▶ [Exercise aim]: Set down exactly the lines below between the line holding "is_braid_word_def dest: in_set_takeD)" and the line holding "from p(1) have", inclusive; no other line belongs in the answer.

§ §

lemma xi_order_ge_poly_op: "xi_order_ge \<nu> y \<Longrightarrow> xi_order_ge \<nu> (poly_op p xi_a y)"
proof -
  assume "xi_order_ge \<nu> y"
  then have "xi_order_ge \<nu> ((xi_a ^^ i) y)" for i
    by (induction i) (auto simp: xi_order_ge_def xi_a_nth)
  then show ?thesis by (simp add: xi_order_ge_def poly_op_nth)
qed

lemma xi_order_ge_bpow: "xi_order_ge \<nu> ((xi_b ^^ \<nu>) x)"
  by (induction \<nu>) (auto simp: xi_order_ge_def xi_b_nth)

lemma bpow_nth: "(xi_b ^^ \<nu>) x l j $ n = (if n < \<nu> then 0 else x l j $ (n - \<nu>))"
  by (induction \<nu> arbitrary: n) (auto simp: xi_b_nth)

definition act_term :: "(nat \<Rightarrow> complex poly) \<Rightarrow> xi \<Rightarrow> nat \<Rightarrow> xi" where
  "act_term P x \<nu> = poly_op (P \<nu>) xi_a ((xi_b ^^ \<nu>) x)"

lemma act_term_nth_below: "n < \<nu> \<Longrightarrow> act_term P x \<nu> l j $ n = 0"
  using xi_order_ge_poly_op[OF xi_order_ge_bpow] unfolding act_term_def xi_order_ge_def by blast

lemma act_term_zero: "P \<nu> = 0 \<Longrightarrow> act_term P x \<nu> = xi_zero"
  by (simp add: act_term_def poly_op_zero)

lemma xi_act_nth: "xi_act P x l j $ n = (\<Sum>\<nu>\<le>n. act_term P x \<nu> l j $ n)"
  by (simp add: xi_act_def act_term_def)

lemma xi_act_nth_upto:
  assumes "n \<le> N"
  shows "xi_act P x l j $ n = (\<Sum>\<nu>\<le>N. act_term P x \<nu> l j $ n)"
proof -
  have "(\<Sum>\<nu>\<le>N. act_term P x \<nu> l j $ n) = (\<Sum>\<nu>\<le>n. act_term P x \<nu> l j $ n)"
    by (rule sum.mono_neutral_right) (use assms in \<open>auto simp: act_term_nth_below\<close>)
  then show ?thesis by (simp add: xi_act_nth)
qed

lemma xi_act_add: "xi_act (\<lambda>\<nu>. P \<nu> + Q \<nu>) x = xi_add (xi_act P x) (xi_act Q x)"
  by (rule xi_eqI) (simp add: xi_act_nth act_term_def poly_op_add sum.distrib)

lemma xi_act_smult: "xi_act (\<lambda>\<nu>. smult c (P \<nu>)) x = xi_smul (fps_const c) (xi_act P x)"
  by (rule xi_eqI) (simp add: xi_act_nth act_term_def poly_op_smult sum_distrib_left)

lemma xi_act_uminus: "xi_act (\<lambda>\<nu>. - P \<nu>) x = xi_neg (xi_act P x)"
  using xi_act_smult[of "-1" P x] by (simp add: xi_neg_eq_smul)

lemma xi_act_pCons0: "xi_act (\<lambda>\<nu>. pCons 0 (P \<nu>)) x = xi_a (xi_act P x)"
proof (rule xi_eqI)
  fix l j n
  have act_term_pCons0: "act_term (\<lambda>\<nu>. pCons 0 (P \<nu>)) x \<nu> = xi_a (act_term P x \<nu>)" for \<nu>
    by (simp add: act_term_def poly_op_pCons0_xi_a)
  show "xi_act (\<lambda>\<nu>. pCons 0 (P \<nu>)) x l j $ n = xi_a (xi_act P x) l j $ n"
  proof (cases n)
    case 0 then show ?thesis by (simp add: xi_act_nth act_term_pCons0)
  next
    case (Suc m)
    have "xi_a (xi_act P x) l j $ n
        = (of_rat l + of_nat m) * xi_act P x l j $ m + xi_act P x l (Suc j) $ m"
      by (simp add: Suc)
    also have "\<dots> = (\<Sum>\<nu>\<le>Suc m. (of_rat l + of_nat m) * act_term P x \<nu> l j $ m
                                  + act_term P x \<nu> l (Suc j) $ m)"
      by (simp only: xi_act_nth_upto[of m "Suc m"] le_SucI order_refl sum_distrib_left sum.distrib)
    also have "\<dots> = xi_act (\<lambda>\<nu>. pCons 0 (P \<nu>)) x l j $ n"
      by (simp only: xi_act_nth act_term_pCons0 Suc xi_a_nth_Suc)
    finally show ?thesis by simp
  qed
qed

lemma xi_act_single:
  "xi_act (\<lambda>\<nu>. if \<nu> = k then p else 0) x = poly_op p xi_a ((xi_b ^^ k) x)"
proof (rule xi_eqI)
  fix l j n
  let ?P = "\<lambda>\<nu>. if \<nu> = k then p else 0"
  show "xi_act ?P x l j $ n = poly_op p xi_a ((xi_b ^^ k) x) l j $ n"
  proof (cases "n < k")
    case True
    then show ?thesis using xi_order_ge_poly_op[OF xi_order_ge_bpow, of k p x]
      by (auto simp: xi_act_nth act_term_def poly_op_zero xi_order_ge_def intro!: sum.neutral)
  next
    case False
    then have "(\<Sum>\<nu>\<le>n. act_term ?P x \<nu> l j $ n) = (\<Sum>\<nu>\<in>{k}. act_term ?P x \<nu> l j $ n)"
      by (intro sum.mono_neutral_right) (auto simp: act_term_zero)
    then show ?thesis by (simp add: xi_act_nth act_term_def)
  qed
qed

lemma xi_act_one: "xi_act (\<lambda>\<nu>. if \<nu> = 0 then 1 else 0) x = x"
  using xi_act_single[of 0 1 x] by (simp add: one_pCons poly_op_const xi_smul_def)
lemma
  assumes w: "is_braid_word n w" and oc: "one_component n w" and n: "0 < n"
  shows set_traversal: "set (traversal n w) = gd_chords w \<times> UNIV"
    and distinct_traversal: "distinct (traversal n w)"
proof -
  let ?P = "\<lambda>r. (braid_perm w ^^ r) 1"
  have bij: "bij_betw ?P {..<n} {1..n}" by (rule bij_betw_strand_start[OF w oc n])
  have pass: "(t, b) \<in> set (pass_ev w 0 p) \<longleftrightarrow> t \<in> gd_chords w \<and>
              fold step (take t w) p = lpos (w ! t) + (if b then 0 else 1)" for t b p
    by (auto simp: set_pass_ev gd_chords_def)
  show "set (traversal n w) = gd_chords w \<times> UNIV"
  proof (intro set_eqI iffI)
    fix e assume "e \<in> set (traversal n w)"
    then show "e \<in> gd_chords w \<times> UNIV"
      unfolding traversal_def set_concat set_map by (cases e) (auto simp: pass)
  next
    fix e :: "nat \<times> bool" assume "e \<in> gd_chords w \<times> UNIV"
    then obtain t b where e: "e = (t, b)" and t: "t \<in> gd_chords w" by auto
    then have "w ! t \<in> set w" by (simp add: gd_chords_def)
    with w have "lpos (w ! t) + (if b then 0 else 1) \<in> {1..n}" by (auto simp: is_braid_word_def)
    moreover have "is_braid_word n (take t w)" using w by (auto simp: is_braid_word_def dest: in_set_takeD)
    ultimately have "lpos (w ! t) + (if b then 0 else 1) \<in> fold step (take t w) ` {1..n}"
      using bij_betw_imp_surj_on[OF bij_betw_fold_step] by blast
    then obtain p where p: "p \<in> {1..n}" "fold step (take t w) p = lpos (w ! t) + (if b then 0 else 1)"
      by auto
    from p(1) have "p \<in> ?P ` {..<n}" using bij_betw_imp_surj_on[OF bij] by blast
    then obtain r where "r < n" "?P r = p" by auto
    with p have "(t, b) \<in> set (pass_ev w 0 (?P r))" using t by (simp add: pass)
    with \<open>r < n\<close> show "e \<in> set (traversal n w)" unfolding e traversal_def by auto
  qed
  show "distinct (traversal n w)"
    unfolding traversal_def
  proof (rule distinct_concat_map)
    show "\<forall>r\<in>set [0..<n]. \<forall>s\<in>set [0..<n]. r \<noteq> s \<longrightarrow>
            set (pass_ev w 0 (?P r)) \<inter> set (pass_ev w 0 (?P s)) = {}"
    proof (intro ballI impI)
      fix r s assume rs: "r \<in> set [0..<n]" "s \<in> set [0..<n]" "r \<noteq> s"
      have "?P r \<noteq> ?P s"
      proof
        assume "?P r = ?P s"
        from inj_onD[OF bij_betw_imp_inj_on[OF bij] this] rs show False by auto
      qed
      then have neq: "fold step (take t w) (?P r) \<noteq> fold step (take t w) (?P s)" for t
        using inj_fold_step by (simp add: inj_eq)
      show "set (pass_ev w 0 (?P r)) \<inter> set (pass_ev w 0 (?P s)) = {}"
      proof (rule equals0I)
        fix e assume "e \<in> set (pass_ev w 0 (?P r)) \<inter> set (pass_ev w 0 (?P s))"
        then obtain t b where "(t, b) \<in> set (pass_ev w 0 (?P r))" "(t, b) \<in> set (pass_ev w 0 (?P s))"
          by (cases e) auto
        with neq[of t] show False by (simp add: pass)
      qed
    qed
  qed (simp_all add: distinct_pass_ev)
qed
lemma dirichlet_eq_0_imp_const:
  assumes "dirichlet v v = 0" "i < n" "j < n"
  shows "v i = v j"
proof (rule const_if_const_on_edges[OF _ assms(2,3)])
  fix a b assume ab: "a < n" "b < n" "w a b > 0"
  have "w a b * ((v a - v b) * (v a - v b)) \<le> (\<Sum>j<n. w a j * ((v a - v j) * (v a - v j)))"
    using ab by (intro member_le_sum) (auto simp: weight_nonneg)
  also have "\<dots> \<le> (\<Sum>i<n. \<Sum>j<n. w i j * ((v i - v j) * (v i - v j)))"
    using ab by (intro member_le_sum) (auto intro!: sum_nonneg simp: weight_nonneg)
  also have "\<dots> = 0"
    using assms(1) dirichlet_symmetrized[of v v] by simp
  finally have "(v a - v b) * (v a - v b) \<le> 0"
    using ab(3) by (simp add: mult_le_0_iff)
  then show "v a = v b" by (auto simp: mult_le_0_iff)
qed

lemma dirichlet_eq_0_mean_zero_imp_0:
  assumes "dirichlet v v = 0" "(\<Sum>j<n. mass j * v j) = 0" "i < n"
  shows "v i = 0"
proof -
  have const: "v j = v i" if "j < n" for j
    using dirichlet_eq_0_imp_const[OF assms(1) that assms(3)] .
  have "(\<Sum>j<n. mass j * v j) = (\<Sum>j<n. v i * mass j)"
    using const by (intro sum.cong refl) (metis lessThan_iff mult.commute)
  then have "v i * (\<Sum>j<n. mass j) = 0"
    using assms(2) by (simp add: sum_distrib_left)
  moreover have "(\<Sum>j<n. mass j) > 0"
    using assms(3) mass_pos by (intro sum_pos) auto
  ultimately show ?thesis by simp
qed

lemma sqnorm_nonneg: "sqnorm v \<ge> 0"
  unfolding sqnorm_def using mass_pos by (intro sum_nonneg) (simp add: less_imp_le)

lemma mass_mult_sq_le_sqnorm: "i < n \<Longrightarrow> mass i * v i ^ 2 \<le> sqnorm v"
  unfolding sqnorm_def using mass_pos by (intro member_le_sum) (auto simp: less_imp_le)

lemma sqnorm_eq_0_iff: "sqnorm v = 0 \<longleftrightarrow> (\<forall>i<n. v i = 0)"
proof -
  have "sqnorm v = 0 \<longleftrightarrow> (\<forall>i\<in>{..<n}. mass i * v i ^ 2 = 0)"
    unfolding sqnorm_def using mass_pos by (intro sum_nonneg_eq_0_iff) (auto simp: less_imp_le)
  moreover have "mass i * v i ^ 2 = 0 \<longleftrightarrow> v i = 0" if "i < n" for i
    using mass_pos[OF that] by simp
  ultimately show ?thesis by auto
qed

lemma dirichlet_cong:
  "(\<And>i. i < n \<Longrightarrow> a i = a' i) \<Longrightarrow> (\<And>i. i < n \<Longrightarrow> b i = b' i) \<Longrightarrow> dirichlet a b = dirichlet a' b'"
  unfolding dirichlet_def by (intro sum.cong refl) auto

lemma sqnorm_cong: "(\<And>i. i < n \<Longrightarrow> a i = a' i) \<Longrightarrow> sqnorm a = sqnorm a'"
  unfolding sqnorm_def by (intro sum.cong refl) auto

lemma dirichlet_scale: "dirichlet (\<lambda>i. c * a i) (\<lambda>i. c * a i) = c ^ 2 * dirichlet a a"
  unfolding dirichlet_def by (simp add: sum_distrib_left algebra_simps power2_eq_square)

lemma sqnorm_scale: "sqnorm (\<lambda>i. c * a i) = c ^ 2 * sqnorm a"
  unfolding sqnorm_def by (simp add: sum_distrib_left algebra_simps power2_eq_square)

lemma dirichlet_add_scaled:
  "dirichlet (\<lambda>i. v i + t * h i) (\<lambda>i. v i + t * h i)
     = dirichlet v v + 2 * t * dirichlet h v + t ^ 2 * dirichlet h h"
proof -
  have "dirichlet (\<lambda>i. v i + t * h i) (\<lambda>i. v i + t * h i)
      = (\<Sum>i<n. \<Sum>j<n. w i j * v i * (v i - v j) + t * (w i j * h i * (v i - v j))
          + t * (w i j * v i * (h i - h j)) + t ^ 2 * (w i j * h i * (h i - h j)))"
    unfolding dirichlet_def by (intro sum.cong refl) (simp add: algebra_simps power2_eq_square)
  also have "\<dots> = dirichlet v v + t * dirichlet h v + t * dirichlet v h + t ^ 2 * dirichlet h h"
    unfolding dirichlet_def by (simp only: sum.distrib sum_distrib_left)
  finally show ?thesis using dirichlet_commute[of v h] by simp
qed

lemma sqnorm_add_scaled: "sqnorm (\<lambda>i. v i + t * h i) = sqnorm v + 2 * t * inner_mass v h + t ^ 2 * sqnorm h"
proof -
  have "sqnorm (\<lambda>i. v i + t * h i)
      = (\<Sum>i<n. mass i * v i ^ 2 + 2 * t * (mass i * v i * h i) + t ^ 2 * (mass i * h i ^ 2))"
    unfolding sqnorm_def by (intro sum.cong refl) (simp add: algebra_simps power2_eq_square)
  also have "\<dots> = sqnorm v + 2 * t * inner_mass v h + t ^ 2 * sqnorm h"
    unfolding sqnorm_def inner_mass_def by (simp only: sum.distrib sum_distrib_left)
  finally show ?thesis .
qed

lemma lap_eigenvalue_nonneg:
  assumes "\<And>i. i < n \<Longrightarrow> lap w r n v i = \<nu> * v i" "k < n" "v k \<noteq> 0"
  shows "\<nu> \<ge> 0"
proof -
  have "dirichlet v v = \<nu> * sqnorm v"
    unfolding dirichlet_eq_inner_lap inner_mass_def sqnorm_def
    by (simp add: assms(1) sum_distrib_left power2_eq_square algebra_simps)
  moreover have "sqnorm v > 0"
    using sqnorm_nonneg[of v] sqnorm_eq_0_iff[of v] assms(2,3) by fastforce
  ultimately show ?thesis
    using dirichlet_nonneg[of v] by (simp add: zero_le_mult_iff)
qed

section \<open>The Laplacian matrix and its zero eigenvalue\<close>

abbreviation L :: "real mat" where
  "L \<equiv> lap_mat w r n"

§ §

▶ [Answer to this exercise]:
    moreover have "is_braid_word n (take t w)" using w by (auto simp: is_braid_word_def dest: in_set_takeD)
    ultimately have "lpos (w ! t) + (if b then 0 else 1) \<in> fold step (take t w) ` {1..n}"
      using bij_betw_imp_surj_on[OF bij_betw_fold_step] by blast
    then obtain p where p: "p \<in> {1..n}" "fold step (take t w) p = lpos (w ! t) + (if b then 0 else 1)"
      by auto
    from p(1) have "p \<in> ?P ` {..<n}" using bij_betw_imp_surj_on[OF bij] by blast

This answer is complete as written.